New custodial guidance by the New York Department of Financial Services 

On January 23, 2023, the New York Department of Financial Services (Department or NYDFS) published the Guidance on Custodial Structures for Customer Protection in the Event of Insolvency. 

This document aims to guide the various steps a company should take to protect its customers in the event of an insolvency or similar proceeding, including a requirement for firms to keep customer funds separate. The goal is to ensure that the customers are protected from the effects of insolvency. The Department’s objective is to provide a clear and consistent framework for the standards and practices that are expected of a company when it comes to providing asset custody services.  

The guidance will help ensure that the providers of these services are providing their customers with a high level of protection. 

 Bitzlato founder charged with unlicensed money transmitting. 

On January 17, 2023, a complaint was unsealed in Brooklyn federal court against Anatoly Legkodym, a Russian national and the senior executive of Bitzlato Ltd (Bitzlato), a Hong-Kong based cryptocurrency exchange. According to the complaint, he and his company were involved in money laundering and violating various US regulations. French authorities and the U.S. Department of the Treasury’s Financial Crimes Enforcement Network (FinCEN) are taking concurrent enforcement actions. 

According to court documents, Bitzlato has marketed itself as requiring minimal identification from its users, specifying that “neither selfies nor passports [are] required.” Due to the lack of proper Know-Your-Customer (KYC) procedures on Bitzlato, it was allegedly used by criminal organizations to fund their activities. One of the company’s main customers was Hydra Market, an online marketplace that was known for its illegal activities. It was also one of the world’s largest darknet platforms. Before Hydra Market was shut down by German and US authorities in April 2022, its users had been exchanging over $700 million in digital currency with Bitzlato. Bitzlato also received more than $15 million in ransomware proceeds. 

On January 20, 2023 Crystal’s investigation team shared a full analysis on the Bitzlato case.  

Mandatory crypto licensing regime announced by French parliament 

On January 17, 2023, in response to concerns about the potential impact of cryptocurrencies on the country’s financial stability, the French Parliament approved an amendment to the regulations regarding the registration of digital asset service providers. The approval of the amendment will require crypto firms to obtain the necessary licenses.   

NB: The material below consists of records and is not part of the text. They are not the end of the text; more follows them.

lemma strand_cycle_is_boundary:
  fixes c :: "nat set list \<Rightarrow> 'k::field polyS"
  assumes fin: "finite P" and Int_closed: "\<And>A B. A \<in> P \<Longrightarrow> B \<in> P \<Longrightarrow> A \<inter> B \<in> P"
    and c: "c \<in> chains P (Suc d)" and cycle: "bdry P n d c = (\<lambda>_. 0)"
  shows "\<exists>y. (\<forall>\<sigma>. y \<sigma> \<noteq> 0 \<longrightarrow>
          \<sigma> \<in> faces P (Suc (Suc d)) \<and> expo_le (face_label n \<sigma>) \<alpha> \<and> strand n \<alpha> c (tl \<sigma>) \<noteq> 0)
      \<and> (\<forall>\<tau>\<in>faces P (Suc d). simplicial_bdry P (Suc d) y \<tau> = strand n \<alpha> c \<tau>)"
proof -
  define Q where "Q = {A \<in> P. expo_le (mexp n A A) \<alpha>}"
  have supp: "\<sigma> \<in> faces P (Suc d)" and in_Q: "set \<sigma> \<subseteq> Q" if "strand n \<alpha> c \<sigma> \<noteq> 0" for \<sigma>
  proof -
    show face: "\<sigma> \<in> faces P (Suc d)"
      using c strand_nonzeroD(1)[OF that] by (auto simp: chains_def)
    show "set \<sigma> \<subseteq> Q"
      using strand_nonzeroD(2)[OF that] face by (auto simp: Q_def faces_def expo_le_face_label_iff)
  qed
  have strand_cycle: "simplicial_bdry P d (strand n \<alpha> c) \<tau> = 0" if "\<tau> \<in> faces P d" for \<tau>
    using strand_bdry[OF that, of n \<alpha> c] cycle by simp
  show ?thesis
  proof (cases "Q = {}")
    case True
    then have "strand n \<alpha> c \<sigma> = 0" for \<sigma>
      using supp in_Q by (metis faces_Suc_obtain_Cons list.set_intros(1) subset_empty empty_iff)
    then show ?thesis by (intro exI[of _ "\<lambda>_. 0"]) simp
  next
    case False
    define M where "M = \<Inter>Q"
    have "finite Q" using fin by (simp add: Q_def)
    then have M_Q: "M \<in> Q"
      unfolding M_def using False Int_closed expo_le_mexp_Int
      by (intro Inter_mem_if_Int_closed) (auto simp: Q_def)
    then have M_P: "M \<in> P" by (simp add: Q_def)
    have below: "M \<subseteq> A" if "strand n \<alpha> c \<sigma> \<noteq> 0" "A \<in> set \<sigma>" for \<sigma> A
      using in_Q that by (auto simp: M_def)
    show ?thesis
    proof (rule exI[of _ "cone M (strand n \<alpha> c)"], rule conjI; intro allI impI ballI)
      fix \<sigma> assume "cone M (strand n \<alpha> c) \<sigma> \<noteq> 0"
      then obtain \<rho> where \<sigma>: "\<sigma> = M # \<rho>" "strand n \<alpha> c \<rho> \<noteq> 0" "\<sigma> \<in> faces P (Suc (Suc d))"
        using cone_support[of M "strand n \<alpha> c" \<sigma> P "Suc d"] M_P supp below by blast
      then have "set \<sigma> \<subseteq> Q" using in_Q M_Q by auto
      then show "\<sigma> \<in> faces P (Suc (Suc d)) \<and> expo_le (face_label n \<sigma>) \<alpha> \<and> strand n \<alpha> c (tl \<sigma>) \<noteq> 0"
        using \<sigma> by (auto simp: Q_def expo_le_face_label_iff)
    next
      fix \<tau> assume "\<tau> \<in> faces P (Suc d)"
      then show "simplicial_bdry P (Suc d) (cone M (strand n \<alpha> c)) \<tau> = strand n \<alpha> c \<tau>"
        using simplicial_bdry_cone[of P M "strand n \<alpha> c" d \<tau>] fin M_P supp below strand_cycle by blast
    qed
  qed
qed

This proposal aimed to support the crypto industry’s growth and not hinder it.  

It was highlighted that the amendment would allow crypto firms to operate without requiring them to have a higher-level license. Instead, they should register with the country’s financial markets authority and follow the Markets in Crypto-Assets (MiCA) regulation. Some of the requirements that crypto firms must follow include segregating funds, reporting to regulators, and having a proper governance structure. The companies that have already taken the necessary steps to comply with the AML guidelines will be able to continue operations until 2026 when the MiCA laws are implemented. 

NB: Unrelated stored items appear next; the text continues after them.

theorem lemma2p3:
  fixes M :: "'a measure" and X1 X2 :: "'a \<Rightarrow> real"
    and \<alpha> \<theta>1 \<theta>2 :: real
  assumes "prob_space M"
    and "\<alpha> > 0" and "\<theta>1 > 0" and "\<theta>2 > 0"
    and "prob_space.indep_var M borel X1 borel X2"
    and "distributed M lborel X1 (\<lambda>x. ennreal (gamma_dens \<alpha> \<theta>1 x))"
    and "distributed M lborel X2 (\<lambda>x. ennreal (gamma_dens \<alpha> \<theta>2 x))"
  defines "U \<equiv> (\<lambda>\<omega>. ln (max (X1 \<omega>) (X2 \<omega>))
                 - (if X1 \<omega> \<ge> X2 \<omega> then ln \<theta>1 else ln \<theta>2))"
    and "T \<equiv> (\<lambda>\<omega>. min (X1 \<omega>) (X2 \<omega>) / max (X1 \<omega>) (X2 \<omega>))"
    and "\<mu> \<equiv> max \<theta>1 \<theta>2 / min \<theta>1 \<theta>2"
  shows "(\<forall>t\<in>{0<..1}. (\<forall>u. cond_dens \<alpha> \<mu> t u \<ge> 0)
            \<and> (\<integral>\<^sup>+ u. ennreal (cond_dens \<alpha> \<mu> t u) \<partial>lborel) = 1)
       \<and> (\<forall>A \<in> sets borel. \<forall>B \<in> sets borel.
            emeasure M {\<omega> \<in> space M. U \<omega> \<in> A \<and> T \<omega> \<in> B}
            = (\<integral>\<^sup>+ t. indicator B t *
                   (\<integral>\<^sup>+ u. indicator A u * ennreal (cond_dens \<alpha> \<mu> t u) \<partial>lborel)
                 \<partial>(distr M borel T)))"
proof -
  note \<alpha> = \<open>\<alpha> > 0\<close> and \<theta>1 = \<open>\<theta>1 > 0\<close> and \<theta>2 = \<open>\<theta>2 > 0\<close>
  have [measurable]: "X1 \<in> borel_measurable M" "X2 \<in> borel_measurable M"
    using distributed_measurable[OF assms(6)] distributed_measurable[OF assms(7)] by simp_all
  have [measurable]: "U \<in> borel_measurable M" "T \<in> borel_measurable M"
    unfolding U_def T_def by measurable
  have \<mu>: "\<mu> > 0" using \<theta>1 \<theta>2 by (simp add: \<mu>_def)
  have joint: "(\<integral>\<^sup>+\<omega>. H (U \<omega>) (T \<omega>) \<partial>M) = (\<integral>\<^sup>+t. indicator {0<..1} t *
      (\<integral>\<^sup>+u. H u t * ennreal (min_max_ratio_dens \<alpha> \<mu> t) * ennreal (cond_dens \<alpha> \<mu> t u) \<partial>lborel) \<partial>lborel)"
    if "case_prod H \<in> borel_measurable (borel \<Otimes>\<^sub>M borel)" for H
    unfolding U_def T_def \<mu>_def using assms(1-7) that by (rule nn_integral_indep_gamma_min_max)
  show ?thesis
    using cond_dens_nonneg[OF \<alpha> \<mu>] nn_integral_cond_dens[OF \<alpha> \<mu>]
      emeasure_eq_nn_integral_cond_density[OF _ _ cond_dens_measurable joint]
    by auto
qed

end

$100 million settlement between Coinbase and New York regulators 

On January 4, 2023, the New York Department of Financial Services (Department or NYDFS) announced a $100 million settlement with Coinbase Global Inc., the largest US cryptocurrency exchange (Coinbase) for failures in its compliance program. The agency claimed that the exchange was vulnerable to criminal activities. 

As part of the settlement, the company was required to pay a fine of $50 million. It was also ordered to improve its compliance program over the next two years. The department mentioned that Coinbase violated the New York Banking Law and the New York State Department of Financial Services’ law, virtual currency, money transmitter, transaction monitoring, and cybersecurity regulations.  

Since 2017, Coinbase has been operating as a licensed money transmitting and virtual currency exchange in New York. Following an investigation and examination, the Department of Financial Services found that the company’s anti-money laundering and bank secrecy program was not sufficiently designed to address the needs of its customers. The agency also found that the company’s multiple systems and processes were not designed to monitor and report its activities effectively.   

Our Regulatory & Compliance team at Crystal Blockchain includes experts from financial services and regulators. We are hands-on professionals with experience in helping you to transform regulation into effective risk management. For any compliance-related questions please get in touch with us at: [email protected]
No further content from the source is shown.